Abstract:
Cross-domain recommendation (CDR) has emerged as a promising solution to alleviating the cold-start problem by leveraging information from an auxiliary source domain to generate recommendations in a target domain. Most CDR techniques fall into a category known as bridge-based methods, but many of them fail to account for the structure and rating behavior of target users from the source domain into the recommendation process. Therefore, we present a novel framework called Vietoris-Rips Complex for Cross-Domain Recommendation framework called (VRCDR), which utilizes the Vietoris-Rips Complex (a technique from computational geometry) to understand the underlying structure in user behavior from the source domain, and include the learned information into recommendations in the target domain to make the recommendations more personalized to users' niche preferences. Extensive experiments on large, real-world datasets demonstrate that VRCDR consistently improves recommendations compared to state-of-the-art bridge-based CDR methods.
This is the code repository for our research project. This repository contains the files used to replicate the results of VRCDR from the paper. There are 4 main directories:
dataset
: Contains datasets from the Amazon Review dataset that we use in our study. The dataset is quite large, so we did not provide it in this repository, but please download the appropriate files from http://jmcauley.ucsd.edu/data/amazon/ and place them in this folder.src
: Contains the main source code files that are used for pre-training models, computing the Vietoris-Rips Complex, and generating results for VRCDR.project_data
: This is where all the CSV data is stored after being parsed, and it also contains information that the source files use for computation.stats
: This contains the RMSE and MAE values for each target user based on VRCDR's performance, which is used for the two-tailed paired t-test on our study.
In our paper, we have 4 different CDR tasks, and we run experiments using 3 different cold-start ratios (20%, 50%, and 70%). We will show how you can run experiments for Task 2 using 20% as the cold-start percentage.
-
Run
save_dataframes_one.py
from the save_dataframes folder.- To run it, use the command
python .src/save_dataframes/save_dataframes_one.py
- This will parse the json files associated with the domains in the dataset folder, and store the train/test csv files in project data.

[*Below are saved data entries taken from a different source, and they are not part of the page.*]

(* If $x\ge1$ then $\Gamma(x,x)\ge\dfrac{\Gamma(x)}{x^{x}}$, and if $0<x\le1$ then $\Gamma(x,x)\le\dfrac{\Gamma(x)}{x^{x}}$.
   Context: For $x>0,y>0$ the Bigamma function is the (convergent) improper integral $\Gamma(x,y):=\int_0^1(-\ln t)^{x-1}\big(-\ln(1-t)\big)^{y-1}\,dt$. $\Gamma(x)$ (one argument) denotes Euler's gamma function. *)

theory Defs
  imports "HOL-Analysis.Analysis"
begin

text \<open>Bigamma function: the improper integral over (0,1) of a nonnegative integrand,
  rendered as the Lebesgue integral over the open interval (0,1).\<close>
definition Bigamma :: "real \<Rightarrow> real \<Rightarrow> real" where
  "Bigamma x y = (LBINT t:{0<..<1}. (- ln t) powr (x - 1) * (- ln (1 - t)) powr (y - 1))"

end

theory Submission
  imports Defs "HOL-Real_Asymp.Real_Asymp"
begin

text \<open>The substitution \<open>t = 1 - exp (-u/x)\<close> turns the Gamma integral into
  \<open>\<Gamma>(x)/x^x = \<integral>\<^sub>0\<^sup>1 ((1-t)(-ln(1-t)))^(x-1) dt\<close>. Since \<open>1 - t \<le> -ln t\<close>, the integrand of \<open>\<Gamma>(x,x)\<close>,
  namely \<open>((-ln t)(-ln(1-t)))^(x-1)\<close>, dominates this one for \<open>x \<ge> 1\<close> and is dominated by it for
  \<open>x \<le> 1\<close>. For \<open>x \<ge> 1\<close> integrability of the Bigamma integrand comes from
  \<open>(-ln t)(-ln(1-t)) \<le> 1\<close> on \<open>(0,1)\<close>.\<close>

lemma Gamma_real_set_integral:
  fixes x :: real
  assumes x: "x > 0"
  shows "set_integrable lborel {0<..} (\<lambda>t. t powr (x-1) / exp t)"
    and "(LBINT t:{0<..}. t powr (x-1) / exp t) = Gamma x"
proof -
  define h where "h = (\<lambda>t::real. indicator {0<..} t * (t powr (x-1) / exp t))"
  have "h t = indicator {0..} t * t powr (x - 1) / exp t" for t
    by (cases "t = 0") (auto simp: h_def indicator_def)
  then have "(\<integral>\<^sup>+t. ennreal (h t) \<partial>lborel) = ennreal (Gamma x)"
    using Gamma_conv_nn_integral_real[OF x] by simp
  moreover have "h \<in> borel_measurable lborel" unfolding h_def by measurable
  moreover have "AE t in lborel. 0 \<le> h t" by (auto simp: h_def indicator_def)
  ultimately have "integrable lborel h \<and> integral\<^sup>L lborel h = Gamma x"
    using nn_integral_eq_integrable[of h lborel "Gamma x"] Gamma_real_pos[OF x] by simp
  then show "set_integrable lborel {0<..} (\<lambda>t. t powr (x-1) / exp t)"
    and "(LBINT t:{0<..}. t powr (x-1) / exp t) = Gamma x"
    by (simp_all add: set_integrable_def set_lebesgue_integral_def h_def)
qed

lemma exp_substitution_powr:
  fixes x u :: real
  assumes x: "x > 0" and u: "u > 0"
  shows "(exp (-u/x) * (u/x)) powr (x-1) * (exp (-u/x) / x) = u powr (x-1) / exp u / x powr x"
proof -
  have "(exp (-u/x) * (u/x)) powr (x-1) * (exp (-u/x) / x)
      = u powr (x-1) * (exp (-u/x * (x-1)) * exp (-u/x)) / (x powr (x-1) * x)"
    using u x by (simp add: powr_mult powr_divide exp_powr_real)
  also have "exp (-u/x * (x-1)) * exp (-u/x) = exp (-u)"
    using x by (simp add: exp_add[symmetric] field_simps)
  also have "x powr (x-1) * x = x powr x"
    using x by (simp add: powr_diff)
  finally show ?thesis by (simp add: exp_minus field_simps)
qed

lemma Gamma_div_powr_self_set_integral:
  fixes x :: real
  assumes x: "x > 0"
  shows "set_integrable lborel {0<..<1} (\<lambda>t. ((1-t) * (-ln(1-t))) powr (x-1))"
    and "(LBINT t:{0<..<1}. ((1-t) * (-ln(1-t))) powr (x-1)) = Gamma x / x powr x"
proof -
  define f where "f = (\<lambda>t::real. ((1-t) * (-ln(1-t))) powr (x-1))"
  define g where "g = (\<lambda>u::real. 1 - exp (-u/x))"
  define g' where "g' = (\<lambda>u::real. exp (-u/x) / x)"
  have fg: "f (g u) * g' u = u powr (x-1) / exp u / x powr x" if "u > 0" for u
    using exp_substitution_powr[OF x that] by (simp add: f_def g_def g'_def)
  have int_fg: "set_integrable lborel (einterval 0 \<infinity>) (\<lambda>u. f (g u) * g' u)"
  proof -
    have "set_integrable lborel {0<..} (\<lambda>u. u powr (x-1) / exp u / x powr x)"
      by (intro set_integrable_divide Gamma_real_set_integral x)
    then show ?thesis
      by (rule set_integrable_cong[THEN iffD1, rotated -1])
        (auto simp: fg einterval_iff zero_ereal_def)
  qed
  have cont_f: "isCont f (g u)" if "0 < ereal u" for u
  proof -
    have "exp (-u/x) < 1" using that x by (simp add: zero_ereal_def)
    then show ?thesis unfolding f_def g_def
      by (intro continuous_intros) (auto simp: ln_less_zero_iff mult_pos_neg)
  qed
  have lim_0: "((ereal \<circ> g \<circ> real_of_ereal) \<longlongrightarrow> 0) (at_right 0)"
    using x unfolding zero_ereal_def ereal_tendsto_simps g_def
    by (auto intro!: tendsto_eq_intros)
  have "(g \<longlongrightarrow> 1) at_top" unfolding g_def using x by real_asymp
  then have lim_top: "((ereal \<circ> g \<circ> real_of_ereal) \<longlongrightarrow> 1) (at_left \<infinity>)"
    unfolding one_ereal_def ereal_tendsto_simps .
  note subst = interval_integral_substitution_nonneg[where f=f and g=g and g'=g',
      OF _ _ cont_f _ _ _ lim_0 lim_top int_fg]
  have deriv: "DERIV g u :> g' u" for u
    using x unfolding g_def g'_def by (auto intro!: derivative_eq_intros)
  have cont_g': "isCont g' u" for u
    using x unfolding g'_def by (intro continuous_intros) auto
  have "einterval 0 1 = {0<..<(1::real)}"
    by (auto simp: einterval_iff zero_ereal_def one_ereal_def)
  then show "set_integrable lborel {0<..<1} (\<lambda>t. ((1-t) * (-ln(1-t))) powr (x-1))"
    using subst(1) deriv cont_g' x by (simp add: f_def g'_def)
  have "(LBINT t:{0<..<1}. f t) = (LBINT t=0..1. f t)"
    by (subst interval_integral_Ioo) (auto simp: zero_ereal_def one_ereal_def)
  also have "\<dots> = (LBINT u=0..\<infinity>. f (g u) * g' u)"
    using subst(2) deriv cont_g' x by (simp add: f_def g'_def)
  also have "\<dots> = (LBINT u:{0<..}. u powr (x-1) / exp u / x powr x)"
    by (subst interval_integral_Ioi)
      (auto simp: zero_ereal_def fg intro!: set_lebesgue_integral_cong)
  also have "\<dots> = Gamma x / x powr x"
    using Gamma_real_set_integral(2)[OF x] by (simp only: set_integral_divide_zero)
  finally show "(LBINT t:{0<..<1}. ((1-t) * (-ln(1-t))) powr (x-1)) = Gamma x / x powr x"
    by (simp add: f_def)
qed

lemma neg_ln_mult_neg_ln_one_minus_le_one_half:
  fixes t :: real
  assumes t: "0 < t" "t \<le> 1/2"
  shows "(-ln t) * (-ln (1-t)) \<le> 1"
proof -
  have "- t - 2 * t\<^sup>2 \<le> ln (1 - t)" "2 * t\<^sup>2 \<le> t"
    using ln_one_minus_pos_lower_bound[of t] t by (auto simp: power2_eq_square)
  then have ln_one_minus: "-ln (1-t) \<le> 2 * t" by linarith
  define s where "s = sqrt t"
  have s: "0 < s" "t = s * s" using t by (auto simp: s_def)
  have "-ln t = 2 * ln (1/s)" using s by (simp add: ln_mult ln_div)
  also have "\<dots> \<le> 2 * (1/s - 1)" using ln_le_minus_one[of "1/s"] s by simp
  finally have "t * (-ln t) \<le> t * (2 * (1/s - 1))" using t by (intro mult_left_mono) auto
  also have "\<dots> = 1/2 - (2 * s - 1)\<^sup>2 / 2"
    using s by (simp add: field_simps power2_eq_square)
  also have "\<dots> \<le> 1/2" by simp
  finally have "t * (-ln t) \<le> 1/2" .
  moreover have "0 \<le> -ln t" using t by simp
  ultimately show ?thesis
    using mult_left_mono[OF ln_one_minus, of "-ln t"] by (simp add: algebra_simps)
qed

lemma neg_ln_mult_neg_ln_one_minus_le_one:
  fixes t :: real
  assumes "0 < t" "t < 1"
  shows "(-ln t) * (-ln (1-t)) \<le> 1"
proof (cases "t \<le> 1/2")
  case True
  then show ?thesis using neg_ln_mult_neg_ln_one_minus_le_one_half assms by simp
next
  case False
  then show ?thesis
    using neg_ln_mult_neg_ln_one_minus_le_one_half[of "1-t"] assms by (simp add: mult.commute)
qed

lemma one_minus_mult_neg_ln_le:
  fixes t :: real
  assumes "0 < t" "t < 1"
  shows "0 < (1-t) * (-ln (1-t))" and "(1-t) * (-ln (1-t)) \<le> (-ln t) * (-ln (1-t))"
proof -
  have "1 - t \<le> -ln t" using ln_le_minus_one[of t] assms by simp
  then show "(1-t) * (-ln (1-t)) \<le> (-ln t) * (-ln (1-t))"
    using assms by (intro mult_right_mono) auto
  show "0 < (1-t) * (-ln (1-t))" using assms by (intro mult_pos_pos) auto
qed

lemma Bigamma_diagonal:
  "Bigamma x x = (LBINT t:{0<..<1}. ((-ln t) * (-ln (1-t))) powr (x-1))"
  unfolding Bigamma_def
  by (intro set_lebesgue_integral_cong) (auto simp flip: powr_mult)

lemma set_integral_le_dominating:
  fixes f g :: "'a \<Rightarrow> real"
  assumes "set_integrable M A g" "set_borel_measurable M A f"
    and "\<And>x. x \<in> A \<Longrightarrow> 0 \<le> f x" "\<And>x. x \<in> A \<Longrightarrow> f x \<le> g x"
  shows "set_integrable M A f" and "(LINT x:A|M. f x) \<le> (LINT x:A|M. g x)"
proof -
  show f: "set_integrable M A f"
    using assms by (intro set_integrable_bound[OF assms(1,2)] AE_I2) force
  show "(LINT x:A|M. f x) \<le> (LINT x:A|M. g x)"
    by (rule set_integral_mono[OF f assms(1,4)])
qed

theorem mainTheorem7:
  fixes x :: real
  shows "(x \<ge> 1 \<longrightarrow> Bigamma x x \<ge> Gamma x / x powr x)
       \<and> (0 < x \<and> x \<le> 1 \<longrightarrow> Bigamma x x \<le> Gamma x / x powr x)"
proof -
  define P where "P t = ((-ln t) * (-ln (1-t))) powr (x-1)" for t :: real
  define Q where "Q t = ((1-t) * (-ln (1-t))) powr (x-1)" for t :: real
  have P_meas: "set_borel_measurable lborel {0<..<1} P"
    unfolding set_borel_measurable_def P_def by measurable
  have Bigamma: "Bigamma x x = (LBINT t:{0<..<1}. P t)"
    by (simp add: Bigamma_diagonal P_def)
  show ?thesis
  proof (intro conjI impI)
    assume x: "x \<ge> 1"
    have P_le_1: "P t \<le> 1" and Q_le_P: "Q t \<le> P t" if "t \<in> {0<..<1}" for t
      using that x neg_ln_mult_neg_ln_one_minus_le_one[of t] one_minus_mult_neg_ln_le[of t]
        powr_mono2[of "x-1" "(-ln t) * (-ln (1-t))" 1]
      unfolding P_def Q_def by (auto intro!: powr_mono2)
    have "set_integrable lborel {0<..<1::real} (\<lambda>_. 1::real)"
      unfolding set_integrable_def
      by (auto intro!: integrable_real_indicator simp: emeasure_lborel_Ioo)
    then have "set_integrable lborel {0<..<1} P"
      using set_integral_le_dominating(1)[OF _ P_meas] P_le_1 by (force simp: P_def)
    moreover have "Gamma x / x powr x = (LBINT t:{0<..<1}. Q t)"
      using Gamma_div_powr_self_set_integral x by (simp add: Q_def)
    ultimately show "Bigamma x x \<ge> Gamma x / x powr x"
      using Gamma_div_powr_self_set_integral(1)[of x] x Q_le_P
      by (auto simp: Bigamma Q_def intro!: set_integral_mono)
  next
    assume x: "0 < x \<and> x \<le> 1"
    have "P t \<le> Q t" if "t \<in> {0<..<1}" for t
      using that x one_minus_mult_neg_ln_le[of t]
      unfolding P_def Q_def by (auto intro!: powr_mono2')
    moreover have "0 \<le> P t" for t by (simp add: P_def)
    ultimately have "(LBINT t:{0<..<1}. P t) \<le> (LBINT t:{0<..<1}. Q t)"
      using Gamma_div_powr_self_set_integral(1)[of x] x
      by (intro set_integral_le_dominating(2)[OF _ P_meas]) (auto simp: Q_def)
    then show "Bigamma x x \<le> Gamma x / x powr x"
      using Gamma_div_powr_self_set_integral(2)[of x] x by (simp add: Bigamma Q_def)
  qed
qed

end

- To run it, use the command
-
Pre-train the source and target domain base models by running the following commands:
python ./src/source_pre_training.py 8_2 music movie
python ./src/target_pre_training.py 8_2 music movie
- The argument 8_2 refers to the cold-start ratio, where 80% is used as training and 20% are test cold-start users
- The argument music refers to the target domain
- The argument movie refers to the source domain
- These arguments are needed when pre-training, because they are used to locate the train/test splits for the source and target data
-
Save content-embeddings for items in the source and target domains using the following commands:
python ./src/content_info_src.py 8_2 music movie
python ./src/content_info_tgt.py 8_2 music movie
- This will save the content embeddings for the source and target domain (retrieved from DistilBERT) so that we can use them in VRCDR later
- Having them stored can assure easy access to embeddings, rather than re-computing them many times
-
Create and store the characteristic vectors for users and items using the Vietoris-Rips Complex with the following command:
python ./src/rips_centroid.py 8_2 music movie
- This command will save the characteristic vectors for users and items using the Rips complex, so that we can use them in our final model
-
Run VRCDR and output the RMSE and MAE values for the model on the test set (extreme cold-start users) with the followinig command:
python ./src/hybrid_bridge.py 8_2 music movie
- This will output the RMSE and MAE values for 20% extreme cold-start users for task 2
Above, we showed the example of how to run Task2 with 20% cold-start test users. Below are the different ratios you can use in command line for cold-start users, and different command line arguments for the tasks.
8_2
: 80% used as train set, and 20% are cold-start test users5_5
: 50% used as train set, and 50% are cold-start test users3_7
: 30% used as train set, and 70% are cold-start test users
Task 1: electronics movie
Task 2: music movie
Task 3: food movie
Task 4: games electronics
Use the above command line arguments to replicate the results of VRCDR that were presented from in our paper.
For parsing the datasets into train/test splits, we use some of the code provided by the authors of PTUPCDR.
Zhu, Yongchun, et al. "Personalized Transfer of User Preferences for Cross-domain Recommendation." Proceedings of the Fifteenth ACM International Conference on Web Search and Data Mining. 2022.